I have my own cognitive dissonance around this.  I cannot understand why the medical profession as a whole and their specialties, have been so slack about calling the dental profession to task about poisoning us all. 

Heart disease is the biggest killer in our society, and they don’t want to know about one of the main predisposing factors.  Are we condemned to only treating symptoms?  Surely if you are a specialist cardiologist or neurologist, you would have a responsibility to understand the causes of the diseases you claim to treat.  Does anybody want to look at a cause?  It’s doubtful. I’ve met several cardiologists who are happy to take statins themselves, while keeping a mouthful of amalgam fillings in their own heads!  ‘Sheeple’ come in all shapes and sizes. 

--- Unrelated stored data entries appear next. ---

lemma packr_image_ge:
  assumes "2 \<le> card S" "\<forall>x\<in>S. norm (f x - x) \<le> \<delta>" "\<delta> < packr S"
  shows "packr S - \<delta> \<le> packr (f ` S)"
proof -
  have "finite S" using assms(1) by (intro card_ge_0_finite) simp
  have "inj_on f S" by (rule inj_on_if_moves_less_packr[OF \<open>finite S\<close> assms(2,3)])
  then have "2 \<le> card (f ` S)" using assms(1) by (simp add: card_image)
  then show ?thesis
    by (rule packr_ge) (use norm_diff_image_ge[OF \<open>finite S\<close> _ _ _ assms(2)] in fastforce)
qed

lemma covR_image_le:
  assumes "finite M" "M \<noteq> {}" "finite S" "S \<noteq> {}" "\<forall>x\<in>S. norm (f x - x) \<le> \<delta>"
  shows "covR M (f ` S) \<le> covR M S + \<delta>"
proof (rule covR_le[OF assms(1,2)])
  fix x assume "x \<in> M"
  obtain s where s: "s \<in> S" "delta x S = norm (x - s)" by (rule delta_attained[OF assms(3,4)])
  have "delta x (f ` S) \<le> norm (x - f s)" using s(1) assms(3) by (intro delta_le) auto
  also have "\<dots> \<le> norm (x - s) + norm (f s - s)"
    using norm_triangle_ineq[of "x - s" "s - f s"] by (simp add: norm_minus_commute)
  also have "\<dots> \<le> covR M S + \<delta>"
    using s covR_ge[OF assms(1) \<open>x \<in> M\<close>, of S] assms(5) by fastforce
  finally show "delta x (f ` S) \<le> covR M S + \<delta>" .
qed

lemma GR_image_le:
  assumes "finite M" "S \<subseteq> M" "2 \<le> card S"
    and moves: "\<forall>x\<in>S. norm (f x - x) \<le> \<delta>" and "\<delta> < packr S"
  shows "GR M (f ` S) \<le> (covR M S + \<delta>) / (packr S - \<delta>)"
proof -
  have "finite S" using assms(3) by (intro card_ge_0_finite) simp
  obtain p q where pq: "p \<in> S" "q \<in> S" "p \<noteq> q" using assms(3) by (rule card_ge_2_obtain)
  have "0 \<le> \<delta>" using moves pq(1) norm_ge_zero order_trans by blast
  have "0 \<le> covR M S" using covR_nonneg assms(1,2) \<open>finite S\<close> pq(1) by blast
  show ?thesis
    unfolding GR_def
    using covR_image_le[OF assms(1) _ \<open>finite S\<close> _ moves] packr_image_ge[OF assms(3) moves assms(5)]
      \<open>0 \<le> \<delta>\<close> \<open>0 \<le> covR M S\<close> assms(2,5) pq(1)
    by (intro frac_le) auto
qed

lemma separated_le_twice_covR:
  assumes "finite M" "T \<subseteq> M" "finite Q" "Q \<noteq> {}" "card Q < card T"
    and separated: "\<forall>u\<in>T. \<forall>v\<in>T. u \<noteq> v \<longrightarrow> a \<le> norm (u - v)"
  shows "a \<le> 2 * covR M Q"
proof -
  define nearest where "nearest u = (SOME q. q \<in> Q \<and> delta u Q = norm (u - q))" for u
  have nearest: "nearest u \<in> Q \<and> delta u Q = norm (u - nearest u)" for u
    unfolding nearest_def by (rule someI_ex) (meson delta_attained assms(3,4))
  have "finite T" using assms(5) by (metis card.infinite not_less0)
  have "\<not> inj_on nearest T"
    using card_inj_on_le[OF _ _ assms(3), of nearest T] nearest assms(5) by fastforce
  then obtain u v where uv: "u \<in> T" "v \<in> T" "u \<noteq> v" "nearest u = nearest v"
    unfolding inj_on_def by blast
  have "a \<le> norm (u - v)" using separated uv by blast
  also have "\<dots> \<le> norm (u - nearest u) + norm (v - nearest v)"
    using norm_triangle_ineq4[of "u - nearest u" "v - nearest v"] uv(4) by simp
  also have "\<dots> = delta u Q + delta v Q" using nearest by simp
  also have "\<dots> \<le> 2 * covR M Q"
    using covR_ge[OF assms(1), of _ Q] uv(1,2) assms(2) by (smt (verit) subsetD)
  finally show ?thesis .
qed

context
  fixes M :: "(real^'d) set" and k :: nat and qs :: "(real^'d) list"
  assumes finite_M: "finite M" and two_le_k: "2 \<le> k" and run: "fpi_run M k qs"
begin

lemma fpi_run_length_set: "length qs = k" "set qs \<subseteq> M"
  using run unfolding fpi_run_def by auto

text \<open>The covering radius is attained at some $x \in M$; since $x$ was a candidate at every
  insertion step, each inserted point is at least as far from its predecessors as $x$ is from
  the final set.\<close>
lemma covR_fpi_run_le_dist_earlier:
  assumes "i < j" "j < k"
  shows "covR M (set qs) \<le> norm (qs!j - qs!i)"
proof -
  have qs_in: "qs!l \<in> set qs" if "l < k" for l using that fpi_run_length_set by simp
  then have "M \<noteq> {}" using fpi_run_length_set two_le_k by fastforce
  then obtain x where x: "x \<in> M" "covR M (set qs) = delta x (set qs)"
    using covR_attained[OF finite_M] by metis
  show ?thesis
  proof (cases "j = 1")
    case True
    then have "i = 0" using assms by simp
    have "delta x (set qs) \<le> norm (x - qs!0)" using qs_in two_le_k by (intro delta_le) auto
    also have "\<dots> \<le> norm (qs!0 - qs!1)"
    proof -
      have "qs!0 \<in> M" using qs_in[of 0] two_le_k fpi_run_length_set(2) by auto
      then show ?thesis using run x(1) unfolding fpi_run_def by blast
    qed
    finally show ?thesis using x True \<open>i = 0\<close> by (simp add: norm_minus_commute)
  next
    case False
    then have "2 \<le> j" using assms by simp
    have i_in: "qs!i \<in> set (take j qs)"
      using assms fpi_run_length_set by (auto simp: in_set_conv_nth intro!: exI[of _ i])
    then have "set (take j qs) \<noteq> {}" by (metis equals0D)
    have "delta x (set qs) \<le> delta x (set (take j qs))"
      using \<open>set (take j qs) \<noteq> {}\<close> by (intro delta_antimono set_take_subset) auto
    also have "\<dots> \<le> delta (qs!j) (set (take j qs))"
      using run x(1) \<open>2 \<le> j\<close> assms(2) unfolding fpi_run_def by blast
    also have "\<dots> \<le> norm (qs!j - qs!i)" using i_in by (intro delta_le) auto
    finally show ?thesis using x by simp
  qed
qed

The dental profession must also be held accountable for the misconceptions and lies, which have cost so many, so dearly.  The dental profession is responsible for polluting both people and the environment with mercury. The PTOs and universities are responsible for promoting this behaviour.

Cholesterol

Mercury Increases Cholesterol

Currently, the medical profession is dealing with a great controversy about the levels of good and bad cholesterol and their effects on heart and arterial disease.  Before Statins came onto the market, the average ‘normal’ cholesterol level was  4.0-5.5 mmol/L.  After cholesterol lowering drugs came on the market, the new maximum for cholesterol became 3.5. mol/L.

The decision to lower the ‘normal’ cholesterol level was not based on science. It turns out that 8 of the 9 people who were entrusted to make this decision, had direct financial ties to the manufacturers.  Simply lowering the threshold, meant that millions more were eligible to take the drug. Suddenly everyone needed the new miracle drug to lower their cholesterol and thus save their heart attack and their lives. Every doctor believed the studies that were done by the manufacturer. The original research material has never been released to either the public or other research scientist.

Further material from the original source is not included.